Сообщение московского летописца о дальнейших событиях — это перечень пиров, даваемых в честь великого князя, и подарков, ему подносимых. 6 декабря он «ел и пил» у князя Василия Шуйского. 14-го — пировал у владыки. На следующий день — «пир у Казимера». 17-го — у Захарья Григорьевича Овина, посадника Плотницкого конца. 19-го —у степенного тысяцкого, Василия Есипова (летописец по ошибке назвал его посадником). 21-го —у Якова Короба, посадника Неревского конца, брата Василия Казимира. 23-го — у Луки Федорова, на Прусской улице. Рождество, 25 декабря, ознаменовалось пиром у самого великого князя на Городище. Впервые за месяц принимал он своих новгородских подданных. Были и архиепископ, и князь Василий Гребенка Шуйский, и посадники, и тысяцкие все, и житьи люди, и купцы «многие». «И пил с ними долго до вечера». 28 декабря дала пир Настасья, вдова посадника Ивана Григорьевича с Прусской улицы, а 30-го — посадник Фефилат Захарьинич, с той же улицы. 1 января — пир у Якова Федорова, в Плотницком конце. Через два дня — в Словенском конце, у Луки и Василия Поли-нарьиных. На следующий день — пир на Прусской улице, у Александра Самсонова, 6-го — у нового степенного посадника Фомы Андреевича Курятника, в Словенском конце. 14-го — в Плотницком конце, у Кузьмы Григорьева, брата Захария Овина, 19-го владыка в третий раз давал пир в честь великого князя. Шесть недель непрерывного, казалось бы, праздника на этом закончились. Государь всея Руси готовился отбыть в свою столицу.

Каких только подарков не получил он в «своей отчине» Новгороде. «Поставы» ипрского (фландрского) сукна, восточная камка, кречеты, соколы, породистые кони, «рыбьи зубы», золотые ковши, серебряные блюда и рога, окованные серебром, «сорока» соболей, бочки вина, золотые корабленики... Одних кораблеников было около тысячи двухсот. А еще в кратком перерыве между пирами степенный посадник Фома Андреевич и степенный тысяцкий Василий Есифович «ударили челом»: от «всего Великого Новагорода явили тысячу рублев».

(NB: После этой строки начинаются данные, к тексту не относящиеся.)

(* Let $X\in\mathscr K$ and $U\in L^2(\Omega)$, and let $\mathcal U(m)=\int_0^mU(\omega)\,d\omega$. Then $U-\operatorname{Proj}_{\mathscr H_X}U\in N_X\mathscr K$, or equivalently $\operatorname{Proj}_{\mathscr H_X}U=\operatorname{Proj}_{T_X\mathscr K}U$, if and only if $$(\operatorname{Proj}_{\mathscr H_X}U)(m)\le\frac{\mathcal U(m)-\mathcal U(m_l)}{m-m_l}$$ for every $m\in(m_l,m_r)$ and every maximal interval $(m_l,m_r)$ of $\Omega_X$.
   Context: $\Omega=(0,1)$ with Lebesgue measure. $\mathscr K=\{X\in L^2(\Omega):X\text{ nondecreasing}\}$, a closed convex cone. $N_X\mathscr K=\{W\in L^2(\Omega):\int_\Omega W(Y-X)\,dm\le0\ \forall Y\in\mathscr K\}$ is the normal cone; $T_X\mathscr K=\{U\in L^2(\Omega):\int_\Omega UW\,dm\le0\ \forall W\in N_X\mathscr K\}$ is the tangent cone, and $\operatorname{Proj}_{T_X\mathscr K}$ the metric projection onto it. $\Omega_X=\{m\in\Omega:X\text{ is constant in a neighborhood of }m\}$, a countable disjoint union of maximal open intervals. $\mathscr H_X=\{U\in L^2(\Omega):U\text{ constant on each interval }(m_l,m_r)\subset\Omega_X\}$, with orthogonal projection $\operatorname{Proj}_{\mathscr H_X}U$ equal to $U$ a.e. off $\Omega_X$ and to the average of $U$ over each maximal interval of $\Omega_X$ on that interval. *)

theory Defs
  imports "HOL-Analysis.Analysis"
begin

text \<open>The probability space Omega = (0,1) with Lebesgue measure. Elements of L^2 are
represented by real functions; equality in L^2 is a.e. equality.\<close>

definition Om :: "real set" where
  "Om = {0<..<1}"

Щедрость гостеприимных хозяев — не их личная добродетель. Пиры у посадников носили прежде всего политический характер. Не от своего имени — от имени своих кончанских общин принимали и одаривали они великого князя. Боярство Великого Новгорода демонстрировало свою политическую мощь, прочность своих связей с городской общиной. Целью этой демонстрации было, без сомнения, соглашение с великим князем на началах приемлемого для боярства компромисса. Еще в Коростыни, согласившись признать великого князя «господином» и передать ему все внешнеполитические функции республики, господа сохранила в своих руках внутреннее управление Новгородской землей, свое положение в городе и пятинах. Суд и управа на Городище з тот страшный для новгородской «старины и пошлины» день 26 ноября были сильным ударом по надеждам боярства. Почва под его ногами начала явственно колебаться. В этих условиях наиболее желательным для господы было бы примирение с великим князем, подчинение ему в расчете на его милость: на то, что он согласится сохранить статус-кво в административном управлении Новгородом, не будет вмешиваться в поземельные дела, ограничится наказанием наиболее одиозных, наиболее скомпрометировавших себя фигур. Необходимо было заручиться доброжелательством великого князя, расположить его к себе, выставить себя перед ним з наиболее выгодном свете. Посадники, главы кончанских общин, бояре, житьи, купцы, все «лучшие люди» Новгорода наперебой рвались на Городище продемонстрировать свою лояльность, заслужить благорасположение. Но не только новгородская элита, хозяева города — «и молодые люди с поминки многые у него с челобитьем были». За долгие недели Городищенского стояния перед главой Русского государства прошли со своими дарами и челобитьями представители всех слоев новгородского общества. Из этого нельзя было не извлечь многих ценных наблюдений и выводов о социальной структуре, о внутренних противоречиях, о расстановке политических и общественных сил в великом старом городе.